Metaphors for Academic Writing - From Aspiring Author to Published Scholar - Professional Roles and Publishable Writing

Writing for Publication: Transitions and Tools that Support Scholars’ Success - Mary Renck Jalongo, Olivia N. Saracho 2016

Metaphors for Academic Writing
From Aspiring Author to Published Scholar
Professional Roles and Publishable Writing

Metaphors are a tool for capturing the essence of experience (Cameron, 2003; Thibodeau & Boroditsky, 2011). Noller (1982), for example, used the metaphor of “a voiced scarf” to describe mentoring. Just as a scarf surrounds the wearer in warmth and offers protection from the elements, a mentor can help a protégé to attempt new challenges and to avoid beginners’ mistakes. When the idea of voice is added to the scarf, we can visualize it close to the wearer’s ear, whispering encouragement, offering suggestions, or advising caution. This captivating metaphor conveys what the best mentors do for their protégés.

Effective metaphors can provide a fresh perspective, suggest similarities, offer insights on how to redefine a problem, and effectively communicate a complex idea to others (Hadani & Jaeger, 2015). Where academic authors are concerned, the metaphors that they choose to represent their writing process frequently encapsulate their major concerns. A doctoral candidate from the English Department chose a bulldozer at a landfill as her metaphor. She likened the process to grim determination, plowing through, rearranging heaps of ideas, and periodically backing up to bury useless material, with the warning beep sounding off the entire time.

Activity 1.2: What’s Your Metaphor for Writing?

The symbol that you choose to represent your image of self as writer speaks volumes about how you view experience the writing process. What, then, is your metaphor for writing? What is it about this metaphor that aligns with your writing experience?

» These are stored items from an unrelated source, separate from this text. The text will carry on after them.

theorem lemma4p1:
  fixes n :: nat and d :: "nat \<Rightarrow> nat"
  assumes "n \<ge> 3" and "odd n"
    and "\<forall>i\<in>{1..n}. d i > 0"
    and "(\<Sum>i=1..n. 1 / real (d i)) < 1"
  shows "\<exists>S T z0 :: real \<Rightarrow> complex.
     (\<forall>\<^sub>F s in at_right 0.
        Rn d n s (S s) (T s) 1 = z0 s \<and>
        Rn d n s (S s) (T s) (z0 s) = 1 \<and>
        (\<exists>a b. (Rn d n s (S s) (T s) has_field_derivative a) (at 1) \<and>
               (Rn d n s (S s) (T s) has_field_derivative b) (at (z0 s)) \<and>
               a * b = 1)) \<and>
     ((\<lambda>s. S s / complex_of_real (s powr nu_exp d n)) \<longlongrightarrow> complex_of_real (mu_const d n)) (at_right 0) \<and>
     ((\<lambda>s. T s / complex_of_real (s powr nu_exp d n))
        \<longlongrightarrow> complex_of_real ((real (d 1) * real (d n) - 1) * mu_const d n)) (at_right 0) \<and>
     ((\<lambda>s. z0 s / complex_of_real (s powr nu_exp d n))
        \<longlongrightarrow> complex_of_real (real (d 1) * real (d n) * mu_const d n)) (at_right 0)"
proof -
  interpret parabolic_orbit_setup d n by unfold_locales (use assms in auto)
  have of_real_limit: "((\<lambda>s. complex_of_real (g s) / complex_of_real (s powr nu_exp d n))
      \<longlongrightarrow> complex_of_real l) (at_right 0)"
    if "((\<lambda>s. g s / s powr \<nu>) \<longlongrightarrow> l) (at_right 0)" for g l
    using tendsto_of_real[OF that, where 'a = complex] by (simp add: \<nu>_def)
  show ?thesis
    by (intro exI[of _ "\<lambda>s. complex_of_real (S s)"] exI[of _ "\<lambda>s. complex_of_real (T s)"]
        exI[of _ "\<lambda>s. complex_of_real (z\<^sub>0 s)"] conjI eventually_parabolic_orbit of_real_limit
        tendsto_S_scaled tendsto_T_scaled tendsto_z\<^sub>0_scaled)
qed

end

In a focus group study of doctoral students conducted in the U.S., Canada, and Australia, doctoral students were invited to choose a metaphor to represent their writing process (Jalongo, Ebbeck, & Boyer, 2014). The students ranged in experiential level from those enrolled in their first doctoral-level course to students who had recently defended their dissertations. Among their choices were: a circle, a brick wall, a tree, an egg hatching, a milestone, and tending a vegetable garden. Some additional metaphors for scholarly writing proposed by higher education faculty and doctoral students have emphasized the hardships associated with writing: giving birth, burnt toast, and a jail sentence. In their interview study of doctoral students, Nielsen and Rocco (2002) concluded that, because doctoral candidates generally are accustomed to getting positive feedback on papers, they struggled with constructive criticism of their written work. These graduate students had not yet learned that real colleagues read for one another, not to seek uncritical approval, but as way to strengthen the overall quality of the manuscript.

With time and experience, representations of the writing process often change as well. After the English major who once viewed writing like operating a bulldozer experienced success in academic writing, first by publishing an article in College Composition and Communication and later by transforming her qualitative dissertation into a university press book about women in Appalachia (Sohn, 2006), her bulldozer metaphor no longer pertained. As skills and confidence with professional writing are built, the process becomes less onerous and the metaphors, more positive. For example, a doctoral candidate who had successfully defended a dissertation now regarded writing as “a prestigious membership”, explaining that it was an honor and a pleasure to be able to share research with others. As authors begin to relax with the process more, play with ideas, and learn which instincts to trust, new metaphors emerge:

Writing was hard, but I gritted my teeth and plowed ahead. During those exhilarating and difficult years, I became aware of odd moments in which the less I plowed, the more the words flowed. I had only inklings, but these moments seemed to coincide with a tacit rejection of what I was taught. I began to pay attention. The flow seemed to be triggered only when I gave myself over to that disconcerting chaotic fullness inside my head, acknowledged the untidy, sideways leaps of thought, let go of logic and prescriptions. I liked the feeling, though it came all too rarely, like dreams of flying that cannot be forced. (Rico, 1991, pp. 4—5)

Prolific authors have identified metaphors for writing as well; writing expert Peter Elbow (1973) for example, has likened writing to growing plants, fishing, and cooking while E. L. Doctorow has said, “Writing is like driving at night in the fog. You can only see as far as your headlights, but you can make the whole trip that way.” Two metaphors used specifically with scholarly writing are detective work (Wallace & Wray, 2011) and putting together a complex jigsaw puzzle (Nackoney, Munn, & Fernandez, 2011). A recurring theme in the metaphors and processes associated with writing is that, for many people, writing is a task they find difficult to control; as Rocco (2011) asserts, “Writing can be a miserable chore, a difficult undertaking, and a challenge that produces growth and satisfaction—all at the same time” (p. 3). The process can be particularly arduous for writers who lack confidence in their command of sophisticated academic writing skills (Swales & Feak, 2012).